Все, казалось, успокоилось, жизнь прежняя продолжается, но Нерлин опять подсел к журналистке – попрощаться? И замурлыкали они оба, как в самом начале.
Ревность взрывной волной вынесла Клаву из подвала. Замерев на верхней ступеньке, она ничего не видела вокруг. «Обида, злоба ослепляют сильнее, чем травма глаз», – подтвердились нерлинские слова. Свежий воздух вернул начатки разума, и она попыталась сообразить, что же наделала. Тут дверь открылась, и в темноте неосвещенного двора возник его силуэт.
– Признайся, приревновала, – с угрюмой усмешкой упрекнул он.
– Нет, совсем нет! – принялась Клава отрицать ему очевидное, пафосом, напором пытаясь замаскировать отсутствие сколько-нибудь внятных аргументов. – Ты уже пришел против меня настроенный, со мной не хотел говорить…
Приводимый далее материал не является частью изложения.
lemma pushforward_tens_right:
  assumes k: "is_pushforward D T to tm A A' c P P' k" and X: "X \<in> Obj D"
  shows "is_pushforward D T to tm (tens_o T A (to X)) (tens_o T A' (to X)) (tens_m T c (idm T (to X)))
    (tens_o D P X) (tens_o D P' X) (tens_m D k (idm D X))"
proof -
  note p = pushforwardD[OF k]
  have tX: "to X \<in> Obj T" using to_obj[OF X] .
  show ?thesis
  proof (rule is_pushforwardI[OF T.tens_hom[OF p(1) T.id_hom[OF tX]] D.tens_obj[OF p(2) X] _
        D.tens_obj[OF p(4) X] _ D.tens_hom[OF p(6) D.id_hom[OF X]]])
    show "to (tens_o D P X) = tens_o T A (to X)" and "to (tens_o D P' X) = tens_o T A' (to X)"
      using to_tens[OF p(2) X] to_tens[OF p(4) X] p(3,5) by simp_all
    show "tm (tens_m D k (idm D X)) = tens_m T c (idm T (to X))"
      using tm_tens[OF p(6) D.id_hom[OF X]] tm_id[OF X] p(7) by simp
    fix Z e assume Z: "Z \<in> Obj D" and e: "e \<in> Hom T (tens_o T A' (to X)) (to Z)"
    obtain \<epsilon> where \<epsilon>: "\<epsilon> \<in> Hom T A' (rdiv T (to Z) (to X))"
      and e_eq: "cmp T (tens_m T \<epsilon> (idm T (to X))) (evR T (to Z) (to X)) = e"
      using T.curryR_ex[OF tX to_obj[OF Z] e] by blast
    define U where "U = (\<lambda>\<beta>. cmp D (tens_m D \<beta> (idm D X)) (evR D Z X))"
    have U': "bij_betw U (derivs D tm P' \<epsilon> (rdiv D Z X)) (derivs D tm (tens_o D P' X) e Z)"
      using derivs_uncurryR_bij[OF X Z, of \<epsilon> P'] \<epsilon> p(5) e_eq unfolding U_def by simp
    have K: "bij_betw (cmp D k) (derivs D tm P' \<epsilon> (rdiv D Z X)) (derivs D tm P (cmp T c \<epsilon>) (rdiv D Z X))"
      using pushforward_bij[OF k D.rdiv_obj[OF X Z]] \<epsilon> to_rdiv[OF X Z] by simp
    have U: "bij_betw U (derivs D tm P (cmp T c \<epsilon>) (rdiv D Z X))
        (derivs D tm (tens_o D P X) (cmp T (tens_m T c (idm T (to X))) e) Z)"
      using derivs_uncurryR_bij[OF X Z, of "cmp T c \<epsilon>" P] T.comp_hom[OF p(1) \<epsilon>] p(3)
        T.uncurryR_comp[OF p(1) \<epsilon> tX to_obj[OF Z]] e_eq
      unfolding U_def by simp
    have "bij_betw (U \<circ> cmp D k) (derivs D tm P' \<epsilon> (rdiv D Z X))
        (derivs D tm (tens_o D P X) (cmp T (tens_m T c (idm T (to X))) e) Z)"
      using bij_betw_trans[OF K U] .
    moreover have "(cmp D (tens_m D k (idm D X)) \<circ> U) \<beta> = (U \<circ> cmp D k) \<beta>"
      if "\<beta> \<in> derivs D tm P' \<epsilon> (rdiv D Z X)" for \<beta>
      using that D.uncurryR_comp[OF p(6) _ X Z] unfolding U_def derivs_def by simp
    ultimately have "bij_betw (cmp D (tens_m D k (idm D X)) \<circ> U) (derivs D tm P' \<epsilon> (rdiv D Z X))
        (derivs D tm (tens_o D P X) (cmp T (tens_m T c (idm T (to X))) e) Z)"
      by (rule bij_betw_cong[THEN iffD2, rotated])
    then show "bij_betw (cmp D (tens_m D k (idm D X))) (derivs D tm (tens_o D P' X) e Z)
        (derivs D tm (tens_o D P X) (cmp T (tens_m T c (idm T (to X))) e) Z)"
      using bij_betw_comp_iff[OF U'] by blast
  qed
qed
– Я-то, старый дурак, как попался! Приревновала, приревновала… Это единственное, что меня как-то примиряет с ситуацией. Значит, так сильно любит… А иначе… – Голос его стал чужим, усталым, таким он иногда – редко, очень редко – встречал назойливого телефонного абонента, одного «алло» хватало, чтобы отпугнуть непрошеного соискателя его внимания. – Зря вечер потратил! Ты что, думаешь, мне нужны эти светские улыбания-обещания? Лучше бы я на даче остался… Ты должна была быть со мной, на моей стороне все время, с дурочкой этой вместе со мной разговаривать… Как-то же надо было время занять, чтобы до конца дотянуть, раз ты букой все время сидела… А потом, когда все уже разошлись, мы бы разместились за одним столом, оставшиеся, и вот тогда и можно какие-то вопросы важные решить…
– Что же ты мне это там не сказал? Я вообще не понимала, не лишняя ли я тут…
Неужели случилось непоправимое? Сама Клава понять этого не могла, а Нерлину даже в голову не пришло помочь ей. Он так спокойно негодовал, что от этого его хладнокровия кровь стыла в жилах. Где тут думать, чувство ужаса атрофировало мыслительные способности…
Выйдя на Сретенку, они автоматически повернули налево, и когда Нерлин спохватился, что метро в другой стороне, Клава упросила его пешком хотя бы до «Лубянки» дойти. За это время она нашла в себе силы согласиться с его версией. Конъюнктурно согласилась, – что еще было делать? Из двух зол инстинктивно выбрала меньшее, разрыв бы убил ее, это очевидно. Не осмелилась даже дать слово своей униженной гордости…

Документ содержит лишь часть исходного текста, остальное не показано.